Assignment |
Output exactly the lines that run from the top of the entries to the line holding "(\<forall>e\<in>M. \<forall>f\<in>M. e", including both of those lines.

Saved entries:
────────────────────────────────────────

definition disjoint_edges :: "int set \<Rightarrow> int set \<Rightarrow> bool" where
  "disjoint_edges e f \<longleftrightarrow> e \<inter> f = {} \<and> \<not> crosses e f"

definition is_SPM :: "nat \<Rightarrow> int set set \<Rightarrow> bool" where
  "is_SPM m M \<longleftrightarrow> M \<subseteq> ck_edges m \<and> finite M \<and> card M = m \<and>
     (\<forall>e\<in>M. \<forall>f\<in>M. e \<noteq> f \<longrightarrow> disjoint_edges e f)"

definition blocking_set :: "nat \<Rightarrow> int set set \<Rightarrow> bool" where
  "blocking_set m B \<longleftrightarrow> B \<subseteq> ck_edges m \<and> (\<forall>M. is_SPM m M \<longrightarrow> B \<inter> M \<noteq> {})"

definition blocker :: "nat \<Rightarrow> int set set \<Rightarrow> bool" where
  "blocker m B \<longleftrightarrow> blocking_set m B \<and> finite B \<and> card B = m"

end

theory Submission
  imports Defs
begin
(* Let $N\ge 3$, $p\ge 1$, and let $E_N$ be the minimal cost of a Hamiltonian cycle on $N$ points drawn independently and uniformly in $[0,1]$. Then $$\mathbb E[E_N]=\big[(N-2)(p+1)+2\big]\frac{\Gamma(N+1)\,\Gamma(p+1)}{\Gamma(N+p+1)},$$ and consequently $\lim_{N\to\infty}N^{p-1}\,\mathbb E[E_N]=\Gamma(p+2)$.
   Context: For points $x_1,\dots,x_N\in[0,1]$ forming the vertices of the complete graph $\mathcal K_N$, the weight of the edge $\{x_i,x_j\}$ is $|x_i-x_j|^p$ and the cost of a Hamiltonian cycle is the sum of its edge weights; $E_N$ is the minimum of this cost over all Hamiltonian cycles. *)

theory Defs
  imports "HOL-Probability.Probability" "HOL-Combinatorics.Permutations"
begin

definition cycle_cost :: "real \<Rightarrow> nat \<Rightarrow> (nat \<Rightarrow> real) \<Rightarrow> (nat \<Rightarrow> nat) \<Rightarrow> real" where
  "cycle_cost p N x \<sigma> = (\<Sum>i<N. \<bar>x (\<sigma> i) - x (\<sigma> ((i + 1) mod N))\<bar> powr p)"

definition min_cycle_cost :: "real \<Rightarrow> nat \<Rightarrow> (nat \<Rightarrow> real) \<Rightarrow> real" where
  "min_cycle_cost p N x = Min {cycle_cost p N x \<sigma> | \<sigma>. \<sigma> permutes {..<N}}"

definition unif_points :: "nat \<Rightarrow> (nat \<Rightarrow> real) measure" where
  "unif_points N = PiM {..<N} (\<lambda>_. uniform_measure lborel {0..1::real})"

definition expected_min_cost :: "real \<Rightarrow> nat \<Rightarrow> real" where
  "expected_min_cost p N = (\<integral>x. min_cycle_cost p N x \<partial>unif_points N)"

end

theory Submission
  imports Defs
begin
lemma pair_measure_measure_pmf:
  fixes P :: "'a::countable pmf" and Q :: "'b::countable pmf"
  shows "measure_pmf P \<Otimes>\<^sub>M measure_pmf Q = measure_pmf (pair_pmf P Q)"
proof (rule pair_measure_eqI)
  show "sigma_finite_measure (measure_pmf P)" "sigma_finite_measure (measure_pmf Q)"
    by (simp_all add: prob_space_imp_sigma_finite prob_space_measure_pmf)
  have "sets (measure_pmf P \<Otimes>\<^sub>M measure_pmf Q)
      = sets (count_space (UNIV :: 'a set) \<Otimes>\<^sub>M count_space (UNIV :: 'b set))"
    by (intro sets_pair_measure_cong) auto
  also have "\<dots> = sets (count_space UNIV)"
    by (subst pair_measure_countable) auto
  finally show "sets (measure_pmf P \<Otimes>\<^sub>M measure_pmf Q) = sets (measure_pmf (pair_pmf P Q))"
    by simp
  fix A B
  show "emeasure (measure_pmf P) A * emeasure (measure_pmf Q) B
      = emeasure (measure_pmf (pair_pmf P Q)) (A \<times> B)"
    by (simp add: measure_pmf.emeasure_eq_measure measure_pmf_prob_product ennreal_mult)
qed

lemma mutual_information_eq_0_if_indep_pmf:
  fixes X :: "'a \<Rightarrow> 'b::countable" and Y :: "'a \<Rightarrow> 'c::countable"
  assumes "indep_pmf \<Omega> X Y"
  shows "prob_space.mutual_information (measure_pmf \<Omega>) b
           (count_space UNIV) (count_space UNIV) X Y = 0"
proof -
  have count_space_pair: "count_space (UNIV :: 'b set) \<Otimes>\<^sub>M count_space (UNIV :: 'c set) = count_space UNIV"
    by (subst pair_measure_countable) auto
  have "distr (measure_pmf \<Omega>) (count_space UNIV) X \<Otimes>\<^sub>M distr (measure_pmf \<Omega>) (count_space UNIV) Y
      = distr (measure_pmf \<Omega>) (count_space UNIV \<Otimes>\<^sub>M count_space UNIV) (\<lambda>\<omega>. (X \<omega>, Y \<omega>))"
    using assms unfolding indep_pmf_def count_space_pair map_pmf_rep_eq[symmetric]
    by (simp add: pair_measure_measure_pmf)
  then show ?thesis
    unfolding prob_space.mutual_information_def[OF prob_space_measure_pmf]
    by (simp add: count_space_pair map_pmf_rep_eq[symmetric] sigma_finite_measure.KL_same_eq_0
        prob_space_imp_sigma_finite prob_space_measure_pmf)
qed

lemma map_pmf_shear_pair_pmf:
  assumes "\<And>p. p \<in> set_pmf P \<Longrightarrow> map_pmf (f p) Q = Q"
  shows "map_pmf (\<lambda>(p, q). (p, f p q)) (pair_pmf P Q) = pair_pmf P Q"
proof -
  have "map_pmf (\<lambda>(p, q). (p, f p q)) (pair_pmf P Q) = bind_pmf P (\<lambda>p. map_pmf (Pair p) (map_pmf (f p) Q))"
    by (simp add: pair_pmf_def map_bind_pmf map_pmf_comp bind_return_pmf map_pmf_def[symmetric])
  also have "\<dots> = bind_pmf P (\<lambda>p. map_pmf (Pair p) Q)"
    using assms by (intro bind_pmf_cong) simp_all
  also have "\<dots> = pair_pmf P Q"
    by (simp add: pair_pmf_def map_pmf_def)
  finally show ?thesis .
qed

section \<open>Demand vectors\<close>

lemma demands_eq_lists: "demands N K = {ds. set ds \<subseteq> {..<N} \<and> length ds = K}"
  by (auto simp: demands_def)

lemma finite_demands: "finite (demands N K)"
  unfolding demands_eq_lists by (rule finite_lists_length_eq) simp

lemma card_demands: "card (demands N K) = N ^ K"
  unfolding demands_eq_lists by (simp add: card_lists_length_eq)

lemma demands_nonempty: "0 < N \<Longrightarrow> demands N K \<noteq> {}"
  by (auto simp: demands_def intro!: exI[of _ "replicate K 0"])

lemma finite_files: "finite (files N F)"
proof -
  have "files N F = {ws. set ws \<subseteq> {..<2 ^ F} \<and> length ws = N}"
    by (auto simp: files_def)
  then show ?thesis
    by (simp add: finite_lists_length_eq)
qed

lemma files_nonempty: "files N F \<noteq> {}"
  by (auto simp: files_def intro!: exI[of _ "replicate N 0"])

lemma pmf_of_set_demands_conv_Pi_pmf:
  assumes "0 < N"
  shows "pmf_of_set (demands N K)
       = map_pmf (\<lambda>f. map f [0..<K]) (Pi_pmf {..<K} 0 (\<lambda>_. pmf_of_set {..<N}))"
proof -
  let ?P = "PiE_dflt {..<K} (0::nat) (\<lambda>_. {..<N})"
  have "inj_on (\<lambda>f. map f [0..<K]) ?P"
    by (rule inj_onI) (auto simp: PiE_dflt_def fun_eq_iff map_eq_conv)
  moreover have "(\<lambda>f. map f [0..<K]) ` ?P = demands N K"
  proof (rule set_eqI iffI)+
    fix ds assume "ds \<in> demands N K"
    then have "(\<lambda>i. if i < K then ds ! i else 0) \<in> ?P"
      and "ds = map (\<lambda>i. if i < K then ds ! i else 0) [0..<K]"
      by (auto simp: PiE_dflt_def demands_def intro: nth_equalityI)
    then show "ds \<in> (\<lambda>f. map f [0..<K]) ` ?P"
      by blast
  qed (auto simp: PiE_dflt_def demands_def)
  moreover have "Pi_pmf {..<K} 0 (\<lambda>_. pmf_of_set {..<N}) = pmf_of_set ?P"
    using assms by (intro Pi_pmf_of_set) auto
  moreover have "?P \<noteq> {}" "finite ?P"
    using assms by (auto simp: PiE_dflt_empty_iff)
  ultimately show ?thesis
    by (simp add: map_pmf_of_set_inj)
qed

lemma indep_pmf_other_demands_nth:
  assumes "0 < N" "k < K"
  shows "indep_pmf (pmf_of_set (demands N K)) (other_demands K k) (\<lambda>D. D ! k)"
proof -
  let ?U = "pmf_of_set {..<N}" and ?others = "{..<K} - {k}"
  have "Pi_pmf {..<K} 0 (\<lambda>_. ?U) = Pi_pmf (insert k ?others) 0 (\<lambda>_. ?U)"
    using assms by (simp add: insert_absorb)
  also have "\<dots> = map_pmf (\<lambda>(y, f). f(k := y)) (pair_pmf ?U (Pi_pmf ?others 0 (\<lambda>_. ?U)))"
    by (rule Pi_pmf_insert) auto
  finally have "pmf_of_set (demands N K)
      = map_pmf (\<lambda>(y, f). map (f(k := y)) [0..<K]) (pair_pmf ?U (Pi_pmf ?others 0 (\<lambda>_. ?U)))"
    using assms by (simp add: pmf_of_set_demands_conv_Pi_pmf map_pmf_comp case_prod_unfold)
  moreover have "indep_pmf (pair_pmf ?U (Pi_pmf ?others 0 (\<lambda>_. ?U)))
      (\<lambda>\<omega>. map (snd \<omega>) (filter (\<lambda>i. i \<noteq> k) [0..<K])) fst"
    by (rule indep_pmf_comp[OF indep_pmf_commute[OF indep_pmf_fst_snd], where g = id, simplified])
  moreover have "other_demands K k (map (f(k := y)) [0..<K]) = map f (filter (\<lambda>i. i \<noteq> k) [0..<K])"
    for f y
    by (simp add: other_demands_def map_eq_conv)
  ultimately show ?thesis
    using assms(2) by (simp add: indep_pmf_map_pmf_iff case_prod_unfold)
qed

lemma mod_diff_mod_diff_cancel:
  fixes x y N :: nat
  assumes "x < N" "y < N"
  shows "(x + N - (x + N - y) mod N) mod N = y"
proof (cases "y \<le> x")
  case True
  then have "(x + N - y) mod N = x - y"
    using assms by (simp add: mod_if)
  moreover have "x + N - (x - y) = y + N"
    using True assms by simp
  ultimately show ?thesis
    using assms by simp
next
  case False
  then have "(x + N - y) mod N = x + N - y"
    using assms by simp
  then show ?thesis
    using assms False by simp
qed

lemma mod_add_mod_diff_cancel:
  fixes x s N :: nat
  assumes "x < N" "s \<le> N"
  shows "(s + (x + N - s) mod N) mod N = x"
proof -
  have "(s + (x + N - s) mod N) mod N = (s + (x + N - s)) mod N"
    by (rule mod_add_right_eq)
  also have "s + (x + N - s) = x + N"
    using assms by simp
  finally show ?thesis
    using assms by simp
qed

────────────────────────────────────────

Answer to this exercise |
definition disjoint_edges :: "int set \<Rightarrow> int set \<Rightarrow> bool" where
  "disjoint_edges e f \<longleftrightarrow> e \<inter> f = {} \<and> \<not> crosses e f"

definition is_SPM :: "nat \<Rightarrow> int set set \<Rightarrow> bool" where
  "is_SPM m M \<longleftrightarrow> M \<subseteq> ck_edges m \<and> finite M \<and> card M = m \<and>
     (\<forall>e\<in>M. \<forall>f\<in>M. e \<noteq> f \<longrightarrow> disjoint_edges e f)"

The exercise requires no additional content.